(Given records begins)

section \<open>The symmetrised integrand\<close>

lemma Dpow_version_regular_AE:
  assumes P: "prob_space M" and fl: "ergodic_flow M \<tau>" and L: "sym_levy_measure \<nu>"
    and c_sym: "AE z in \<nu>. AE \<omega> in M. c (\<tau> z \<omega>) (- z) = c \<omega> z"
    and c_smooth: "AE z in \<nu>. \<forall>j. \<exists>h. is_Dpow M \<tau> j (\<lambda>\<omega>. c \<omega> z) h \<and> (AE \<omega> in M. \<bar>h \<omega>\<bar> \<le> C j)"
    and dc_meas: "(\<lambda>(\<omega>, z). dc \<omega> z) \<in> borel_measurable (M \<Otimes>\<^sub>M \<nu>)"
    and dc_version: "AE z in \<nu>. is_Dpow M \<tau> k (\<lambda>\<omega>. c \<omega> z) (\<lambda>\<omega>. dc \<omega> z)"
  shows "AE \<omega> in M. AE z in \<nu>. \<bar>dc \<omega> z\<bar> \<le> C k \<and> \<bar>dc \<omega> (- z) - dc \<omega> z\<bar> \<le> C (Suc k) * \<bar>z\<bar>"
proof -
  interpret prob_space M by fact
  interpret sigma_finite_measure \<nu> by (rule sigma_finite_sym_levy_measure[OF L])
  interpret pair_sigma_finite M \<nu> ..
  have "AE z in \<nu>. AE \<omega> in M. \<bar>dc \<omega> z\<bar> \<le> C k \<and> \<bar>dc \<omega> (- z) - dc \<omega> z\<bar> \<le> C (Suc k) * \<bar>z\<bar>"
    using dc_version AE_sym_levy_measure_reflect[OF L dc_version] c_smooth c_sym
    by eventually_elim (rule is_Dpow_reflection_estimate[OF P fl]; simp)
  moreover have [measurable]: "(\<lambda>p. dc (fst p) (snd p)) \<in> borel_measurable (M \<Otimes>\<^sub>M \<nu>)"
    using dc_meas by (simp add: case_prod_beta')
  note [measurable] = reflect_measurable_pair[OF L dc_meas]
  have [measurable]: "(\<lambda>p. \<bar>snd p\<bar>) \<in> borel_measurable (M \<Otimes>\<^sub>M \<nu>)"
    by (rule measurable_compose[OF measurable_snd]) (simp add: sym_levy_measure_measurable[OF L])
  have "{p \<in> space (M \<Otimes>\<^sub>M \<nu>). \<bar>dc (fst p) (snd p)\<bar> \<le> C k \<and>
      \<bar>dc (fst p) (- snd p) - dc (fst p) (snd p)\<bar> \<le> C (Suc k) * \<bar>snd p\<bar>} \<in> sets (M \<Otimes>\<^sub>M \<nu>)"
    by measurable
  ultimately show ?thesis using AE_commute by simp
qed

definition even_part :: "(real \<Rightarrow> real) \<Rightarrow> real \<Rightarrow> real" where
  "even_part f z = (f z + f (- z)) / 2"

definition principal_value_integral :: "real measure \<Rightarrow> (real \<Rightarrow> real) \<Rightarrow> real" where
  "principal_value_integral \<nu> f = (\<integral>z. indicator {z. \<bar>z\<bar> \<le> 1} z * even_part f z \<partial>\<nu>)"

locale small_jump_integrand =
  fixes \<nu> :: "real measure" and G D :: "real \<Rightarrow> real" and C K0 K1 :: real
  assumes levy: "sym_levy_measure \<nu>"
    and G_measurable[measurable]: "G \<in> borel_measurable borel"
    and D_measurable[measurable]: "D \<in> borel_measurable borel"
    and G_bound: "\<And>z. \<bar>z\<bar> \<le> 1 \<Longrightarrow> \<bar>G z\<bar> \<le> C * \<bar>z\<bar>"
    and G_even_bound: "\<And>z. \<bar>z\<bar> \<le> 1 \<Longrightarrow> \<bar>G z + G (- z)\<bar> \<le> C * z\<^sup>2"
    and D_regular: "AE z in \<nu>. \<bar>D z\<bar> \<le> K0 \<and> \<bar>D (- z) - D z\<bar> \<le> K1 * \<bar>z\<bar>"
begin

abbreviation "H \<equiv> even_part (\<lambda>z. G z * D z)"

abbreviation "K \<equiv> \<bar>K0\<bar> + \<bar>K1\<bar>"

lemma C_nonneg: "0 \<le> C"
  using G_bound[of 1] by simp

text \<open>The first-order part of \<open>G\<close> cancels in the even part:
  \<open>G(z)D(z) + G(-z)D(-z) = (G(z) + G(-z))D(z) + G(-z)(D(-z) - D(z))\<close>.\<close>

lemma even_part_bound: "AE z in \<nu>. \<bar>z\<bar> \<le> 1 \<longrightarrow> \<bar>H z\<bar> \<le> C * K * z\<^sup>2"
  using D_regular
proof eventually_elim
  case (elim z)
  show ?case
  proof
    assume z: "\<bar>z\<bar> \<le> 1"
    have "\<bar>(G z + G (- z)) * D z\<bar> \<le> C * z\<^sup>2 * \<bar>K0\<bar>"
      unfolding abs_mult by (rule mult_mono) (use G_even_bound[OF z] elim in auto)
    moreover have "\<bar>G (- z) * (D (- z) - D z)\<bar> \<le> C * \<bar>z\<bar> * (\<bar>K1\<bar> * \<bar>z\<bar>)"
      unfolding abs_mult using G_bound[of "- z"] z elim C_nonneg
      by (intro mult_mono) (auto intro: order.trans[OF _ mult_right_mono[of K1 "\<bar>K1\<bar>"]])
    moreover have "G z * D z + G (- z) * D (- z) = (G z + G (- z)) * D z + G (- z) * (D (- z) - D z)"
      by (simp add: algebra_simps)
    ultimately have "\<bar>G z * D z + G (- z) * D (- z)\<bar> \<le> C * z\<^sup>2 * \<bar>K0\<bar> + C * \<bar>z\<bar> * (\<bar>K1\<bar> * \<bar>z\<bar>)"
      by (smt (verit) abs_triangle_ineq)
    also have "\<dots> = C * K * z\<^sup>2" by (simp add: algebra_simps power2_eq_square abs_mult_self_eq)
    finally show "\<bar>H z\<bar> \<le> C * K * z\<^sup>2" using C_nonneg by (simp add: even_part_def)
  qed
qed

(Given records ends)

• **Task prompt**:
Please transcribe only the lines in the records above running from the line that has "by eventually_elim (rule" through the line that has "note [measurable] = reflect_measurable_pair[OF", both included, exactly as they appear.

• **Answer to this task**:
    by eventually_elim (rule is_Dpow_reflection_estimate[OF P fl]; simp)
  moreover have [measurable]: "(\<lambda>p. dc (fst p) (snd p)) \<in> borel_measurable (M \<Otimes>\<^sub>M \<nu>)"
    using dc_meas by (simp add: case_prod_beta')
  note [measurable] = reflect_measurable_pair[OF L dc_meas]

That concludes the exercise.